(* Let $n\ge 1$, $d\ge 1$, and $\eta>0$. Consider the signed HJMR model: $n$ agents with opinions $\mathbf{X}_t^{(i)}\in\mathbb{S}^{d-1}$ updated by $\mathbf{X}_{t+1}^{(i)}=P_{\mathbb{S}^{d-1}}\big(\mathbf{X}_t^{(i)}+\eta\,\mathrm{sgn}(\langle\mathbf{X}_t^{(i)},\xi_t\rangle)\,\xi_t\big)$, $i=1,\ldots,n$, where $\xi_0,\xi_1,\ldots$ are i.i.d. from a distribution $\mathcal{D}$ on $\mathbb{S}^{d-1}$ for which there exist constants $C,C'>0$ with $C\mu(A)\le\Pr(\xi_t\in A)\le C'\mu(A)$ for every measurable $A\subseteq\mathbb{S}^{d-1}$, $\mu$ being the uniform (Haar) probability measure on $\mathbb{S}^{d-1}$. Then for every starting configuration $\mathbf{X}_0\in(\mathbb{S}^{d-1})^n$, almost surely $\rho(\mathbf{X}_t,P)\to 0$ (i.e., the system strongly polarizes).
   Context: $\mathbb{S}^{d-1}$ is the unit sphere in $\mathbb{R}^d$, $P_{\mathbb{S}^{d-1}}(\mathbf{x})=\mathbf{x}/\|\mathbf{x}\|_2$, and $\mathrm{sgn}(0)=0$. The polarized set is $P=\{(\sigma_1\mathbf{x},\ldots,\sigma_n\mathbf{x}):\mathbf{x}\in\mathbb{S}^{d-1},\ \bm{\sigma}\in\{-1,1\}^n\}\subseteq(\mathbb{S}^{d-1})^n$, and $\rho(\mathbf{z},P)=\inf_{\mathbf{y}\in P}\|\mathbf{z}-\mathbf{y}\|_2$ (Euclidean distance in $(\mathbb{R}^d)^n$). *)

theory Defs
  imports "HOL-Probability.Probability"
begin

text \<open>Uniform (Haar) probability measure on the unit sphere S^(d-1) of real^'d,
  realised as the normalised cone measure: mu(A) = Leb{r x : x in A, 0 < r <= 1} / Leb(ball 0 1).\<close>
definition sphere_mu :: "(real^'d) set \<Rightarrow> real" where
  "sphere_mu A = measure lebesgue {r *\<^sub>R x | r x. x \<in> A \<and> 0 < r \<and> r \<le> 1}
                 / measure lebesgue (ball (0::real^'d) 1)"

definition proj_sphere :: "real^'d \<Rightarrow> real^'d" where
  "proj_sphere y = (1 / norm y) *\<^sub>R y"

definition hjmr_step :: "real \<Rightarrow> real^'d \<Rightarrow> real^'d \<Rightarrow> real^'d" where
  "hjmr_step \<eta> xi x = proj_sphere (x + (\<eta> * sgn (x \<bullet> xi)) *\<^sub>R xi)"

fun hjmr_traj :: "real \<Rightarrow> real^'d^'n \<Rightarrow> (nat \<Rightarrow> real^'d) \<Rightarrow> nat \<Rightarrow> real^'d^'n" where
  "hjmr_traj \<eta> X0 xis 0 = X0"
| "hjmr_traj \<eta> X0 xis (Suc t) = (\<chi> i. hjmr_step \<eta> (xis t) (hjmr_traj \<eta> X0 xis t $ i))"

______

*PROBLEM STATEMENT*: Repeat every entry exactly, leaving nothing out.

*TASK ANSWER*:
(* Let $n\ge 1$, $d\ge 1$, and $\eta>0$. Consider the signed HJMR model: $n$ agents with opinions $\mathbf{X}_t^{(i)}\in\mathbb{S}^{d-1}$ updated by $\mathbf{X}_{t+1}^{(i)}=P_{\mathbb{S}^{d-1}}\big(\mathbf{X}_t^{(i)}+\eta\,\mathrm{sgn}(\langle\mathbf{X}_t^{(i)},\xi_t\rangle)\,\xi_t\big)$, $i=1,\ldots,n$, where $\xi_0,\xi_1,\ldots$ are i.i.d. from a distribution $\mathcal{D}$ on $\mathbb{S}^{d-1}$ for which there exist constants $C,C'>0$ with $C\mu(A)\le\Pr(\xi_t\in A)\le C'\mu(A)$ for every measurable $A\subseteq\mathbb{S}^{d-1}$, $\mu$ being the uniform (Haar) probability measure on $\mathbb{S}^{d-1}$. Then for every starting configuration $\mathbf{X}_0\in(\mathbb{S}^{d-1})^n$, almost surely $\rho(\mathbf{X}_t,P)\to 0$ (i.e., the system strongly polarizes).
   Context: $\mathbb{S}^{d-1}$ is the unit sphere in $\mathbb{R}^d$, $P_{\mathbb{S}^{d-1}}(\mathbf{x})=\mathbf{x}/\|\mathbf{x}\|_2$, and $\mathrm{sgn}(0)=0$. The polarized set is $P=\{(\sigma_1\mathbf{x},\ldots,\sigma_n\mathbf{x}):\mathbf{x}\in\mathbb{S}^{d-1},\ \bm{\sigma}\in\{-1,1\}^n\}\subseteq(\mathbb{S}^{d-1})^n$, and $\rho(\mathbf{z},P)=\inf_{\mathbf{y}\in P}\|\mathbf{z}-\mathbf{y}\|_2$ (Euclidean distance in $(\mathbb{R}^d)^n$). *)

theory Defs
  imports "HOL-Probability.Probability"
begin

text \<open>Uniform (Haar) probability measure on the unit sphere S^(d-1) of real^'d,
  realised as the normalised cone measure: mu(A) = Leb{r x : x in A, 0 < r <= 1} / Leb(ball 0 1).\<close>
definition sphere_mu :: "(real^'d) set \<Rightarrow> real" where
  "sphere_mu A = measure lebesgue {r *\<^sub>R x | r x. x \<in> A \<and> 0 < r \<and> r \<le> 1}
                 / measure lebesgue (ball (0::real^'d) 1)"

definition proj_sphere :: "real^'d \<Rightarrow> real^'d" where
  "proj_sphere y = (1 / norm y) *\<^sub>R y"

definition hjmr_step :: "real \<Rightarrow> real^'d \<Rightarrow> real^'d \<Rightarrow> real^'d" where
  "hjmr_step \<eta> xi x = proj_sphere (x + (\<eta> * sgn (x \<bullet> xi)) *\<^sub>R xi)"

fun hjmr_traj :: "real \<Rightarrow> real^'d^'n \<Rightarrow> (nat \<Rightarrow> real^'d) \<Rightarrow> nat \<Rightarrow> real^'d^'n" where
  "hjmr_traj \<eta> X0 xis 0 = X0"
| "hjmr_traj \<eta> X0 xis (Suc t) = (\<chi> i. hjmr_step \<eta> (xis t) (hjmr_traj \<eta> X0 xis t $ i))"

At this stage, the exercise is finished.